The struggling eurozone's policies have not delivered economic rewards and there is a real risk of deflation, French Prime Minister Manuel Valls said on Friday.
"The economic policies of the eurozone are not effective," Valls said, adding that they "sadly take a long time to have an effect".
"There is a real risk of deflation," Valls said "because at the European level, growth and inflation are lower than what we might have expected".
His comments came ahead of a key meeting of the European Central Bank next week, and as key indicators for the French economy suggest that it is lagging behind the recovery of other leading economies in the European Union.
Valls said the ECB was "powerless" in the face of low inflation and added that the coming months would be "difficult" for Europe.
Unemployment "has reached an intolerable level," he said against a background of record high unemployment in France.
In July, IMF chief Christine Lagarde had warned that low inflation could damage growth in Europe and urged the European Central Bank to maintain a flexible policy.

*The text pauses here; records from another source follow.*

(* Let $M(C,\bar\xi,\pi)$ be a Myller configuration with Darboux frame $(\bar\xi,\bar\mu,\bar v)$ and invariants $G,K,T$, $(G,T)\neq(0,0)$ everywhere, and suppose $C$ is a $W_r$-helix with fixed unit axis $\bar l_r$ and constant angle $\vartheta$, $\langle\bar W_r,\bar l_r\rangle=\cos\vartheta$. Then, for one choice of sign, $$\bar l_r=\cos\vartheta\frac{T}{\sqrt{G^2+T^2}}\bar\xi\mp(\sin\vartheta)\bar\mu+\cos\vartheta\frac{G}{\sqrt{G^2+T^2}}\bar v.$$
   Context: Let $C$ be a smooth curve in $E^3$ parametrized by arclength $s$; primes denote $d/ds$. A Myller configuration $M(C,\bar\xi,\pi)$ consists of a smooth unit vector field $\bar\xi$ along $C$ and a smooth oriented plane field $\pi$ with $\bar\xi\in\pi$; $\bar v$ is the unit normal of $\pi$, $\bar\mu=\bar v\times\bar\xi$, and $\bar\xi'=G\bar\mu+K\bar v$, $\bar\mu'=-G\bar\xi+T\bar v$, $\bar v'=-K\bar\xi-T\bar\mu$. The RD-vector is $W_r=T\bar\xi+G\bar v$, $\bar W_r=W_r/\|W_r\|$; $C$ is a $W_r$-helix if there are a constant unit vector $\bar l_r$ (axis) and constant $\vartheta$ with $\langle\bar W_r,\bar l_r\rangle=\cos\vartheta$ along $C$.
   Formalization: The derivative of $\bar W_r$ with respect to s is also nonzero at every point of C, and the sign in $\mp$ is one choice fixed along all of C rather than pointwise. Apart from conventions, each condition added here is assumed in the paper as well or is needed for the statement above to hold. *)

theory Defs
  imports "HOL-Analysis.Analysis"
begin

text \<open>Myller configuration along a curve parametrized by arclength s on an open interval I.
  xi = unit vector field, nu = unit normal of the plane field pi, mu = nu x xi.\<close>

definition myller_config ::
  "real set \<Rightarrow> (real \<Rightarrow> real^3) \<Rightarrow> (real \<Rightarrow> real^3) \<Rightarrow> (real \<Rightarrow> real^3) \<Rightarrow> (real \<Rightarrow> real^3)
   \<Rightarrow> (real \<Rightarrow> real) \<Rightarrow> (real \<Rightarrow> real) \<Rightarrow> (real \<Rightarrow> real) \<Rightarrow> bool" where
  "myller_config I r xi mu nu G K T \<longleftrightarrow>
     (\<forall>s\<in>I.
        (r has_vector_derivative vector_derivative r (at s)) (at s) \<and>
        norm (vector_derivative r (at s)) = 1 \<and>
        norm (xi s) = 1 \<and> norm (nu s) = 1 \<and> xi s \<bullet> nu s = 0 \<and>
        mu s = cross3 (nu s) (xi s) \<and>
        (xi has_vector_derivative (G s *\<^sub>R mu s + K s *\<^sub>R nu s)) (at s) \<and>
        (mu has_vector_derivative (- G s *\<^sub>R xi s + T s *\<^sub>R nu s)) (at s) \<and>
        (nu has_vector_derivative (- K s *\<^sub>R xi s - T s *\<^sub>R mu s)) (at s) \<and>
        G differentiable (at s) \<and> K differentiable (at s) \<and> T differentiable (at s))"
(* There is an absolute constant $c>0$ such that for every integer $\ell\ge1$, all $n\le m$ and every $X=(x_1,\dots,x_m)\in[n]^m$, $\min_T \ell\text{-DistTree}_T(X)\le c\cdot\mathsf{UB}^{\ell}(X)$, the minimum being over all BSTs $T$ on $[n]$.
   Context: $\log(x)=\log_2(\max\{2,x\})$. For a BST $T$ on $[n]$ with root $r$, let $d_T(a,b)$ be the number of edges between $a$ and $b$ in $T$, set $x_0=r$, and define $\ell\text{-DistTree}_T(X)=\sum_{i=1}^m\min_{j\in[i-\ell,i),\,j\ge0}\{d_T(x_i,x_j)+1\}$. $\mathsf{UB}^{\ell}(X)=\sum_{t=1}^m\min_{t'\in[t-\ell,t),\,t'\ge1}\log\big(|x_t-x_{t'}|+\rho_t(x_{t'})\big)$, where $\rho_t(a)$ is the number of distinct keys accessed strictly between the last time $s<t$ with $x_s=a$ and time $t$ (all keys considered accessed at time $0$), and the term for $t=1$ (empty range) is interpreted as $\log n$. *)

theory Defs
  imports Complex_Main "HOL-Library.Tree"
begin

definition lg :: "real \<Rightarrow> real" where
  "lg x = log 2 (max 2 x)"

fun bst_path :: "nat tree \<Rightarrow> nat \<Rightarrow> nat list" where
  "bst_path Leaf a = []"
| "bst_path (Node l x r) a =
     x # (if a < x then bst_path l a else if x < a then bst_path r a else [])"

fun lcp_len :: "nat list \<Rightarrow> nat list \<Rightarrow> nat" where
  "lcp_len (x # xs) (y # ys) = (if x = y then Suc (lcp_len xs ys) else 0)"
| "lcp_len _ _ = 0"
(* Let $\phi$ be an entanglement-breaking channel acting on $d\times d$ complex matrices. Suppose there exists a positive semidefinite matrix $A\ge 0$ with $\operatorname{rk}A=r<d$ such that $s=\operatorname{rk}\phi(A)$ satisfies $r^2+s^2<2dr$. Then the kernel of $\phi$ (as a linear map on $\mathcal M(d;\mathbb C)$) satisfies $$\dim\ker\phi\ \ge\ 2dr-r^2-s^2\ >\ 0 .$$
   Context: A quantum channel is a completely positive, trace-preserving linear map on $\mathcal M(d;\mathbb C)$. It is entanglement-breaking (EB) if for every system $B$ and every state $\rho_{AB}$ the output $(\phi\otimes I)(\rho_{AB})$ is separable; equivalently, $\phi$ can be written as $\phi(X)=\sum_i\rho_i\operatorname{Tr}[E_iX]$ with density matrices $\rho_i$ and positive operators $E_i$ summing to $\mathbb 1$. *)

theory Defs
  imports "HOL-Analysis.Analysis"
begin

text \<open>Complex d x d matrices are represented as complex^'n^'n, with d = CARD('n).\<close>

definition mscale :: "complex \<Rightarrow> complex^'n^'m \<Rightarrow> complex^'n^'m" where
  "mscale c A = (\<chi> i j. c * A$i$j)"

definition cdim :: "(complex^'n^'m) set \<Rightarrow> nat" where
  "cdim S = vector_space.dim mscale S"

definition hermitian :: "complex^'n^'n \<Rightarrow> bool" where
  "hermitian A \<longleftrightarrow> (\<forall>i j. A$i$j = cnj (A$j$i))"

definition psd :: "complex^'n^'n \<Rightarrow> bool" where
  "psd A \<longleftrightarrow> hermitian A \<and>
     (\<forall>x::complex^'n. 0 \<le> Re (\<Sum>i\<in>UNIV. \<Sum>j\<in>UNIV. cnj (x$i) * A$i$j * x$j))"

definition density :: "complex^'n^'n \<Rightarrow> bool" where
  "density \<rho> \<longleftrightarrow> psd \<rho> \<and> trace \<rho> = 1"

definition clinear_map :: "(complex^'n^'n \<Rightarrow> complex^'n^'n) \<Rightarrow> bool" where
  "clinear_map \<phi> \<longleftrightarrow> (\<forall>X Y. \<phi> (X + Y) = \<phi> X + \<phi> Y) \<and> (\<forall>c X. \<phi> (mscale c X) = mscale c (\<phi> X))"

definition munit :: "'n \<Rightarrow> 'n \<Rightarrow> complex^'n^'n" where
  "munit i j = (\<chi> k l. if k = i \<and> l = j then 1 else 0)"

definition choi :: "(complex^'n^'n \<Rightarrow> complex^'n^'n) \<Rightarrow> complex^('n \<times> 'n)^('n \<times> 'n)" where
  "choi \<phi> = (\<chi> p q. \<phi> (munit (fst p) (fst q)) $ snd p $ snd q)"

definition completely_positive :: "(complex^'n^'n \<Rightarrow> complex^'n^'n) \<Rightarrow> bool" where
  "completely_positive \<phi> \<longleftrightarrow> psd (choi \<phi>)"

definition quantum_channel :: "(complex^'n^'n \<Rightarrow> complex^'n^'n) \<Rightarrow> bool" where
  "quantum_channel \<phi> \<longleftrightarrow> clinear_map \<phi> \<and> completely_positive \<phi> \<and> (\<forall>X. trace (\<phi> X) = trace X)"

text \<open>Entanglement-breaking channel, via the measure-and-prepare (Holevo) form
  phi(X) = sum_i rho_i Tr[E_i X] with density matrices rho_i and a POVM (E_i).\<close>
definition entanglement_breaking :: "(complex^'n^'n \<Rightarrow> complex^'n^'n) \<Rightarrow> bool" where
  "entanglement_breaking \<phi> \<longleftrightarrow> quantum_channel \<phi> \<and>
     (\<exists>(I::nat set) \<rho> E. finite I \<and> (\<forall>i\<in>I. density (\<rho> i) \<and> psd (E i)) \<and>
        (\<Sum>i\<in>I. E i) = mat 1 \<and>
        (\<forall>X. \<phi> X = (\<Sum>i\<in>I. mscale (trace (E i ** X)) (\<rho> i))))"

end

theory Submission
  imports Defs "HOL-Library.Complex_Order"
begin

text \<open>
  Write \<open>\<phi> X = (\<Sum>i. tr (E\<^sub>i X) \<rho>\<^sub>i)\<close> and \<open>H = \<phi> A\<close>, and let \<open>V\<close> be the space of matrices \<open>X\<close>
  with \<open>u\<^sup>* X w = 0\<close> for all \<open>u, w \<in> ker A\<close>; its codimension is at most \<open>(d - r)\<^sup>2\<close>.
  A positive semidefinite \<open>E\<^sub>i\<close> with \<open>tr (E\<^sub>i A) = 0\<close> is a sum of matrices \<open>v v\<^sup>*\<close> with
  \<open>A v = 0\<close>, so \<open>tr (E\<^sub>i X) = 0\<close> on \<open>V\<close>; a state \<open>\<rho>\<^sub>i\<close> with \<open>tr (E\<^sub>i A) \<noteq> 0\<close> occurs in \<open>H\<close>
  with positive weight and is therefore supported on the range of \<open>H\<close>. Hence \<open>\<phi>\<close> maps \<open>V\<close>
  into the matrices supported on the range of \<open>H\<close>, a space of dimension \<open>s\<^sup>2\<close>, and
  rank--nullity for \<open>\<phi>\<close> on \<open>V\<close> gives \<open>dim (ker \<phi>) \<ge> d\<^sup>2 - (d - r)\<^sup>2 - s\<^sup>2 = 2 d r - r\<^sup>2 - s\<^sup>2\<close>.
\<close>

section \<open>Sesquilinear forms and positive semidefinite matrices\<close>

definition sesq :: "complex^'m \<Rightarrow> complex^'n^'m \<Rightarrow> complex^'n \<Rightarrow> complex" where
  "sesq u X w = (\<Sum>i\<in>UNIV. \<Sum>j\<in>UNIV. cnj (u$i) * X$i$j * w$j)"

Declining inflation is a concern because it carries the risk of outright falling prices, known as deflation, which deters consumers from spending in the belief they can wait and buy more cheaply later.
If that happens, demand suffers and companies put off investment, hurting employment and so setting off a vicious circle which can drag down the whole economy.
Valls is struggling to push ahead with reforms of the French economy, which economists say now looks like the weak link in the European Union economiclandscape.